[Provided records]
(* Let $\boldsymbol A$ be sampled from the planted dense $m\times n$-submatrix model with planted sets $\bar U,\bar V$ ($|\bar U|=m\le n=|\bar V|$), probabilities $q>p$, and let $\gamma>0$. For $i\in\bar U$ let $\bar\mu_i$ be the number of zero entries of $\boldsymbol A$ in row $i$ among the columns $\bar V$; for $j\in\bar V$ let $\bar\nu_j$ be the number of zero entries of $\boldsymbol A$ in column $j$ among the rows $\bar U$; let $s=\sum_{i\in\bar U}\bar\mu_i$. Set $$ \tau=12\left(1+\frac1{\sqrt m}\right)\max\left\{\sqrt{\sigma_q^2\frac{\log N}{m}},\ \frac{\log N}{m}\right\},\qquad \tilde\lambda=\gamma(1-q)+\gamma\tau, $$ and for $i\in\bar U$, $j\in\bar V$ define $\Lambda_{ij}=y_i+z_j$, where $$ y_i=\frac1n\left(\tilde\lambda\frac{n^2}{m+n}-\gamma\bar\mu_i+\gamma\frac{s}{m+n}\right),\qquad z_j=\frac1m\left(\tilde\lambda\frac{m^2}{m+n}-\gamma\bar\nu_j+\gamma\frac{s}{m+n}\right). $$ Then with high probability $\Lambda_{ij}\ge 0$ for all $i\in\bar U$, $j\in\bar V$.
   Context: Planted dense $m\times n$-submatrix model: a random $M\times N$ binary matrix $\boldsymbol A$ with $M\le N$, in which entries indexed by $\bar U\times\bar V$ equal $1$ independently with probability $q$ and all other entries equal $1$ independently with probability $p<q$. $\sigma_q^2=q(1-q)$. Parameters may depend on $N$; "with high probability" means with probability at least $1-\hat c_1N^{-\hat c_2}$ for constants $\hat c_1,\hat c_2>0$, as $N\to\infty$. *)

theory Defs
  imports "HOL-Probability.Probability"
begin

text \<open>A binary M x N matrix is a function from index pairs to bool (True = entry 1).
Rows are indexed by {..<M}, columns by {..<N}.\<close>

definition planted_pmf ::
  "nat \<Rightarrow> nat \<Rightarrow> nat set \<Rightarrow> nat set \<Rightarrow> real \<Rightarrow> real \<Rightarrow> (nat \<times> nat \<Rightarrow> bool) pmf" where
  "planted_pmf M N U V p q =
     Pi_pmf ({..<M} \<times> {..<N}) False
       (\<lambda>(i, j). bernoulli_pmf (if i \<in> U \<and> j \<in> V then q else p))"

definition sigma_sq :: "real \<Rightarrow> real" where
  "sigma_sq q = q * (1 - q)"

definition row_zeros :: "(nat \<times> nat \<Rightarrow> bool) \<Rightarrow> nat set \<Rightarrow> nat \<Rightarrow> nat" where
  "row_zeros A V i = card {j \<in> V. \<not> A (i, j)}"

definition col_zeros :: "(nat \<times> nat \<Rightarrow> bool) \<Rightarrow> nat set \<Rightarrow> nat \<Rightarrow> nat" where
  "col_zeros A U j = card {i \<in> U. \<not> A (i, j)}"

definition tau :: "nat \<Rightarrow> nat \<Rightarrow> real \<Rightarrow> real" where
  "tau N m q = 12 * (1 + 1 / sqrt (real m)) *
      max (sqrt (sigma_sq q * ln (real N) / real m)) (ln (real N) / real m)"

definition lambda_tilde :: "nat \<Rightarrow> nat \<Rightarrow> real \<Rightarrow> real \<Rightarrow> real" where
  "lambda_tilde N m q \<gamma> = \<gamma> * (1 - q) + \<gamma> * tau N m q"

definition Lambda ::
  "nat \<Rightarrow> nat set \<Rightarrow> nat set \<Rightarrow> real \<Rightarrow> real \<Rightarrow> (nat \<times> nat \<Rightarrow> bool) \<Rightarrow> nat \<Rightarrow> nat \<Rightarrow> real" where
  "Lambda N U V q \<gamma> A i j =
     (let m = real (card U); n = real (card V);
          lt = lambda_tilde N (card U) q \<gamma>;
          s = real (\<Sum>i'\<in>U. row_zeros A V i');
          y = (1 / n) * (lt * n\<^sup>2 / (m + n) - \<gamma> * real (row_zeros A V i) + \<gamma> * s / (m + n));
          z = (1 / m) * (lt * m\<^sup>2 / (m + n) - \<gamma> * real (col_zeros A U j) + \<gamma> * s / (m + n))
      in y + z)"

end

theory Submission
  imports Defs
begin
[/Provided records]
Assigned task: Retype every line of the material exactly as given.

Solution:
(* Let $\boldsymbol A$ be sampled from the planted dense $m\times n$-submatrix model with planted sets $\bar U,\bar V$ ($|\bar U|=m\le n=|\bar V|$), probabilities $q>p$, and let $\gamma>0$. For $i\in\bar U$ let $\bar\mu_i$ be the number of zero entries of $\boldsymbol A$ in row $i$ among the columns $\bar V$; for $j\in\bar V$ let $\bar\nu_j$ be the number of zero entries of $\boldsymbol A$ in column $j$ among the rows $\bar U$; let $s=\sum_{i\in\bar U}\bar\mu_i$. Set $$ \tau=12\left(1+\frac1{\sqrt m}\right)\max\left\{\sqrt{\sigma_q^2\frac{\log N}{m}},\ \frac{\log N}{m}\right\},\qquad \tilde\lambda=\gamma(1-q)+\gamma\tau, $$ and for $i\in\bar U$, $j\in\bar V$ define $\Lambda_{ij}=y_i+z_j$, where $$ y_i=\frac1n\left(\tilde\lambda\frac{n^2}{m+n}-\gamma\bar\mu_i+\gamma\frac{s}{m+n}\right),\qquad z_j=\frac1m\left(\tilde\lambda\frac{m^2}{m+n}-\gamma\bar\nu_j+\gamma\frac{s}{m+n}\right). $$ Then with high probability $\Lambda_{ij}\ge 0$ for all $i\in\bar U$, $j\in\bar V$.
   Context: Planted dense $m\times n$-submatrix model: a random $M\times N$ binary matrix $\boldsymbol A$ with $M\le N$, in which entries indexed by $\bar U\times\bar V$ equal $1$ independently with probability $q$ and all other entries equal $1$ independently with probability $p<q$. $\sigma_q^2=q(1-q)$. Parameters may depend on $N$; "with high probability" means with probability at least $1-\hat c_1N^{-\hat c_2}$ for constants $\hat c_1,\hat c_2>0$, as $N\to\infty$. *)

theory Defs
  imports "HOL-Probability.Probability"
begin

text \<open>A binary M x N matrix is a function from index pairs to bool (True = entry 1).
Rows are indexed by {..<M}, columns by {..<N}.\<close>

definition planted_pmf ::
  "nat \<Rightarrow> nat \<Rightarrow> nat set \<Rightarrow> nat set \<Rightarrow> real \<Rightarrow> real \<Rightarrow> (nat \<times> nat \<Rightarrow> bool) pmf" where
  "planted_pmf M N U V p q =
     Pi_pmf ({..<M} \<times> {..<N}) False
       (\<lambda>(i, j). bernoulli_pmf (if i \<in> U \<and> j \<in> V then q else p))"

definition sigma_sq :: "real \<Rightarrow> real" where
  "sigma_sq q = q * (1 - q)"

definition row_zeros :: "(nat \<times> nat \<Rightarrow> bool) \<Rightarrow> nat set \<Rightarrow> nat \<Rightarrow> nat" where
  "row_zeros A V i = card {j \<in> V. \<not> A (i, j)}"

definition col_zeros :: "(nat \<times> nat \<Rightarrow> bool) \<Rightarrow> nat set \<Rightarrow> nat \<Rightarrow> nat" where
  "col_zeros A U j = card {i \<in> U. \<not> A (i, j)}"

definition tau :: "nat \<Rightarrow> nat \<Rightarrow> real \<Rightarrow> real" where
  "tau N m q = 12 * (1 + 1 / sqrt (real m)) *
      max (sqrt (sigma_sq q * ln (real N) / real m)) (ln (real N) / real m)"

definition lambda_tilde :: "nat \<Rightarrow> nat \<Rightarrow> real \<Rightarrow> real \<Rightarrow> real" where
  "lambda_tilde N m q \<gamma> = \<gamma> * (1 - q) + \<gamma> * tau N m q"

definition Lambda ::
  "nat \<Rightarrow> nat set \<Rightarrow> nat set \<Rightarrow> real \<Rightarrow> real \<Rightarrow> (nat \<times> nat \<Rightarrow> bool) \<Rightarrow> nat \<Rightarrow> nat \<Rightarrow> real" where
  "Lambda N U V q \<gamma> A i j =
     (let m = real (card U); n = real (card V);
          lt = lambda_tilde N (card U) q \<gamma>;
          s = real (\<Sum>i'\<in>U. row_zeros A V i');
          y = (1 / n) * (lt * n\<^sup>2 / (m + n) - \<gamma> * real (row_zeros A V i) + \<gamma> * s / (m + n));
          z = (1 / m) * (lt * m\<^sup>2 / (m + n) - \<gamma> * real (col_zeros A U j) + \<gamma> * s / (m + n))
      in y + z)"

end

theory Submission
  imports Defs
begin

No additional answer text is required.